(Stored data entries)
_ _ _ _
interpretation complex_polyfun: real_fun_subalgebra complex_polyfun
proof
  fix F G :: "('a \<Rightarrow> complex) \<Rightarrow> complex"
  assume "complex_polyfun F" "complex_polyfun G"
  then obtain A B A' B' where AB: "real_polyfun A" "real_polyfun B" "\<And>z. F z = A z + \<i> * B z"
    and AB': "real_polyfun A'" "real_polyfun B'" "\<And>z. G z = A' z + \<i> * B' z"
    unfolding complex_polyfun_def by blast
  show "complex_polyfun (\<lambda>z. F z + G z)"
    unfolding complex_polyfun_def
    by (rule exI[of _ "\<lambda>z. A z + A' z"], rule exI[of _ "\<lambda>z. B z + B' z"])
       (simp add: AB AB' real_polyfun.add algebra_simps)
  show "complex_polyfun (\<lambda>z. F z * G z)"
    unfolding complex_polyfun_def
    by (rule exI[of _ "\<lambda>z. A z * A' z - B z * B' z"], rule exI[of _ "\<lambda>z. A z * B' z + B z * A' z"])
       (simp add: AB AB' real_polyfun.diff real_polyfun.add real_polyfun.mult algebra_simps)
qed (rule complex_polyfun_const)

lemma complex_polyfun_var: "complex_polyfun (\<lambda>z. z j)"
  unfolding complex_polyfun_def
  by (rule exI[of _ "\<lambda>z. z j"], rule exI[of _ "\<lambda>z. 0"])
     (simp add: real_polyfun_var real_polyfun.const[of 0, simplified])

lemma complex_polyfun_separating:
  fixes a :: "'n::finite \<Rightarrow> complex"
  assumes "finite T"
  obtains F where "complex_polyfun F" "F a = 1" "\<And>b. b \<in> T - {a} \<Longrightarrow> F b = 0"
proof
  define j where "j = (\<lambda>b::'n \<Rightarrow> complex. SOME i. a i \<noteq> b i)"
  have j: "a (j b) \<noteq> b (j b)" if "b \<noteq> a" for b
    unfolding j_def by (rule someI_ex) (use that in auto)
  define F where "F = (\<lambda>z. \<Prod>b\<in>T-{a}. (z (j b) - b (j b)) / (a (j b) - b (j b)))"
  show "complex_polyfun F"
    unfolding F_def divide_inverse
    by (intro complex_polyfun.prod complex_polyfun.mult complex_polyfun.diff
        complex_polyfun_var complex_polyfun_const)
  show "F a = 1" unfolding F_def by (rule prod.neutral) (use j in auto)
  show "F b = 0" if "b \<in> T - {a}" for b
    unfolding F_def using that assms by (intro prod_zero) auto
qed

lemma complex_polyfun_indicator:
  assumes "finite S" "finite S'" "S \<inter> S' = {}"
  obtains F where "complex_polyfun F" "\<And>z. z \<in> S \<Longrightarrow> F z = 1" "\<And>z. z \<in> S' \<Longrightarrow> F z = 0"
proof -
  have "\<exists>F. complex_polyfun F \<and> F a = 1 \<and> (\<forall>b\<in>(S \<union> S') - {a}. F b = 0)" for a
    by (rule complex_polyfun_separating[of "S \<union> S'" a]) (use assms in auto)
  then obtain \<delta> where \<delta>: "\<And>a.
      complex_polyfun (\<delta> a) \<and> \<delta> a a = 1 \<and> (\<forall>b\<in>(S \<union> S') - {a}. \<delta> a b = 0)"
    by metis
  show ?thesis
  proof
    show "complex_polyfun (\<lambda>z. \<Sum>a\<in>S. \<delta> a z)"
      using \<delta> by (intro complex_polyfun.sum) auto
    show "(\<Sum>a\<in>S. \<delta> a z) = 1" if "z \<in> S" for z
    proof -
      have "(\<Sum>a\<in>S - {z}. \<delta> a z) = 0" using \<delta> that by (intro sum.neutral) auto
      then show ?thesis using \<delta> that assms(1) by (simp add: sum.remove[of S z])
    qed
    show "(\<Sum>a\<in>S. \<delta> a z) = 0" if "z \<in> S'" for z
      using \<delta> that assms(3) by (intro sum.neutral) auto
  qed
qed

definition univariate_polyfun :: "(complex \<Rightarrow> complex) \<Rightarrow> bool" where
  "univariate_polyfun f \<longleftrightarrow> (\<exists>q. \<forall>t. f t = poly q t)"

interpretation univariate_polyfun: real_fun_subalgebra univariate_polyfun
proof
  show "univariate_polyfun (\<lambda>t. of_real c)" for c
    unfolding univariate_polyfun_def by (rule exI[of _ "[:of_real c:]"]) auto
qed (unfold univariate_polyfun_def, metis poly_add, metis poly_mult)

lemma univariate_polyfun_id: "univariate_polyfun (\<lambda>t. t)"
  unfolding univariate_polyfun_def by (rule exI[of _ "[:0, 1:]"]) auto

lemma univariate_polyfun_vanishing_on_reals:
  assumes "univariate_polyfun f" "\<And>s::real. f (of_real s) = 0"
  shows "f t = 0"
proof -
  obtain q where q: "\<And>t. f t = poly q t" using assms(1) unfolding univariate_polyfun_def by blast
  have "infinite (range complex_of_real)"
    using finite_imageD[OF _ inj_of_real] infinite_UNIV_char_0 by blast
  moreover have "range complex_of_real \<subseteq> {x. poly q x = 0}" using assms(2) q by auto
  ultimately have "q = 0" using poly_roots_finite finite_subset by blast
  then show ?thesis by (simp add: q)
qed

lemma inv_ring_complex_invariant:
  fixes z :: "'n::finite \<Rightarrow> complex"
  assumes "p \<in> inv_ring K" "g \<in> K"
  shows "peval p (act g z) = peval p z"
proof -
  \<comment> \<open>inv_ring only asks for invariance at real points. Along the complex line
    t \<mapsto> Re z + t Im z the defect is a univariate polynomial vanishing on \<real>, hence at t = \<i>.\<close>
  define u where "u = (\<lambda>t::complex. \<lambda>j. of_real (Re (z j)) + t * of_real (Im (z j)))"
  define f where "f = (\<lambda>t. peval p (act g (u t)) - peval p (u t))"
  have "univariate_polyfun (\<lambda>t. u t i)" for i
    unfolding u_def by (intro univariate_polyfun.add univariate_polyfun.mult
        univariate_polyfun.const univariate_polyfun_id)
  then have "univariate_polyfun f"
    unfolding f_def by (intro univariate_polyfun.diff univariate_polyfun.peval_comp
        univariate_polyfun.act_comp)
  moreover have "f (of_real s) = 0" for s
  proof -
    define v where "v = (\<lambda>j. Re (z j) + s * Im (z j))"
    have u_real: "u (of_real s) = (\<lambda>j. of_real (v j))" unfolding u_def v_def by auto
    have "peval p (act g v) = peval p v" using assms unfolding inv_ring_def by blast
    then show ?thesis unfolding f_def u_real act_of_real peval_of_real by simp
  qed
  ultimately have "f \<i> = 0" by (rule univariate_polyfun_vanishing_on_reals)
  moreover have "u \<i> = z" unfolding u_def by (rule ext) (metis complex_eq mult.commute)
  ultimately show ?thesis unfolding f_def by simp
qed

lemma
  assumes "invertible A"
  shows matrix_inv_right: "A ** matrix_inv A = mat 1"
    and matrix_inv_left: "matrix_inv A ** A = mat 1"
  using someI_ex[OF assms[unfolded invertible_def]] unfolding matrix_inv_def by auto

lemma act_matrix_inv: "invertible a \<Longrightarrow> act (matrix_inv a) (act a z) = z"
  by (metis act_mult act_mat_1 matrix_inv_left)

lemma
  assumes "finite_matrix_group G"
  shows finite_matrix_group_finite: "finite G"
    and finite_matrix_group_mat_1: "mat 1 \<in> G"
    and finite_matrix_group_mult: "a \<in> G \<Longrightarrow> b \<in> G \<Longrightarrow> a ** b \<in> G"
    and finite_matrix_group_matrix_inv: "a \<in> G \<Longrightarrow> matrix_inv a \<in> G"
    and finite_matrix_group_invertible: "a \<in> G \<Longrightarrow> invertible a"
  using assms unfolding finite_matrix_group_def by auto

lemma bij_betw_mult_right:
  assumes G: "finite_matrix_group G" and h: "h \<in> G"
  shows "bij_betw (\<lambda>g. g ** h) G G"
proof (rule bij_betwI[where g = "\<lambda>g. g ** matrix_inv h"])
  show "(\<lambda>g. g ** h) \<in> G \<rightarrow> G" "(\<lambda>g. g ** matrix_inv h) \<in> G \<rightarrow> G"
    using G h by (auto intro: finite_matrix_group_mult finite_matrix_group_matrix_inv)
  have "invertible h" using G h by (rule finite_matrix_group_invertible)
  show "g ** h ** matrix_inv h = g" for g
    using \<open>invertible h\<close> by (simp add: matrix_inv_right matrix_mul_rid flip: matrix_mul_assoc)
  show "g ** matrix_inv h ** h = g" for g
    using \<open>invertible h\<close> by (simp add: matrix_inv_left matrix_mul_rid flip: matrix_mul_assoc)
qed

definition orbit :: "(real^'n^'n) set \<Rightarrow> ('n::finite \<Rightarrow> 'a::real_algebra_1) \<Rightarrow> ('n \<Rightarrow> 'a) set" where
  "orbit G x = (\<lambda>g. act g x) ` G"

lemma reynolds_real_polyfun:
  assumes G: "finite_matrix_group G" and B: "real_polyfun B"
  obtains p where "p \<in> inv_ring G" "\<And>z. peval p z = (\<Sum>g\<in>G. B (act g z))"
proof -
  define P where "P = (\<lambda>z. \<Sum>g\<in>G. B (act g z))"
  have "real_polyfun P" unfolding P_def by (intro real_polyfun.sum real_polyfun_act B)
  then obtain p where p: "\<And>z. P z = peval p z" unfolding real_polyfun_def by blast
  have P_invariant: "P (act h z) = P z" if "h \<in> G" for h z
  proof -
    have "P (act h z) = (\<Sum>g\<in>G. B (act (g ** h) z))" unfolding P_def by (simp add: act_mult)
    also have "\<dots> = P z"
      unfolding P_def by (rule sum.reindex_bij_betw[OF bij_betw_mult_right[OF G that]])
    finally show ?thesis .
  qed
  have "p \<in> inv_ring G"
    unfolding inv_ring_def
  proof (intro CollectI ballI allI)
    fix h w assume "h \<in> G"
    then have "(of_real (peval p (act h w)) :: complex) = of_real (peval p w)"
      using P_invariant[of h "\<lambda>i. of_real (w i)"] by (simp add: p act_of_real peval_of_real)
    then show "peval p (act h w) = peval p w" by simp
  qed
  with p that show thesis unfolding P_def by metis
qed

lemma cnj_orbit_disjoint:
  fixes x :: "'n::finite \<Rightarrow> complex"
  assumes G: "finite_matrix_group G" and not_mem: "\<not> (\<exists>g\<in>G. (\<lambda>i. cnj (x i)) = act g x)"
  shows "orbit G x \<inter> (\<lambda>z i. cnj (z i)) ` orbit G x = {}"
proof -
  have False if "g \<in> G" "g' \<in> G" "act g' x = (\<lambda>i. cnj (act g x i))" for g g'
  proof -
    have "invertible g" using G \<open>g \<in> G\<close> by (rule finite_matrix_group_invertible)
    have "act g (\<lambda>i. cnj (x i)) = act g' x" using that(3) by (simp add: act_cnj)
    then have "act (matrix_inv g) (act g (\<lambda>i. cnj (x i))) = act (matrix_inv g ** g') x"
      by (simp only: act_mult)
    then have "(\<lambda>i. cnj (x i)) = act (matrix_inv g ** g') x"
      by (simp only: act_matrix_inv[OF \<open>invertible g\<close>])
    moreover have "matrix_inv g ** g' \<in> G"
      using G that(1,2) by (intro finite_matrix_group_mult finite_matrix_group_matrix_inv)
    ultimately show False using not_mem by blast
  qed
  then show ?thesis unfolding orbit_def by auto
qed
_ _ _ _
Tell me how many lines of the data hold the word "diff", giving only the number.

3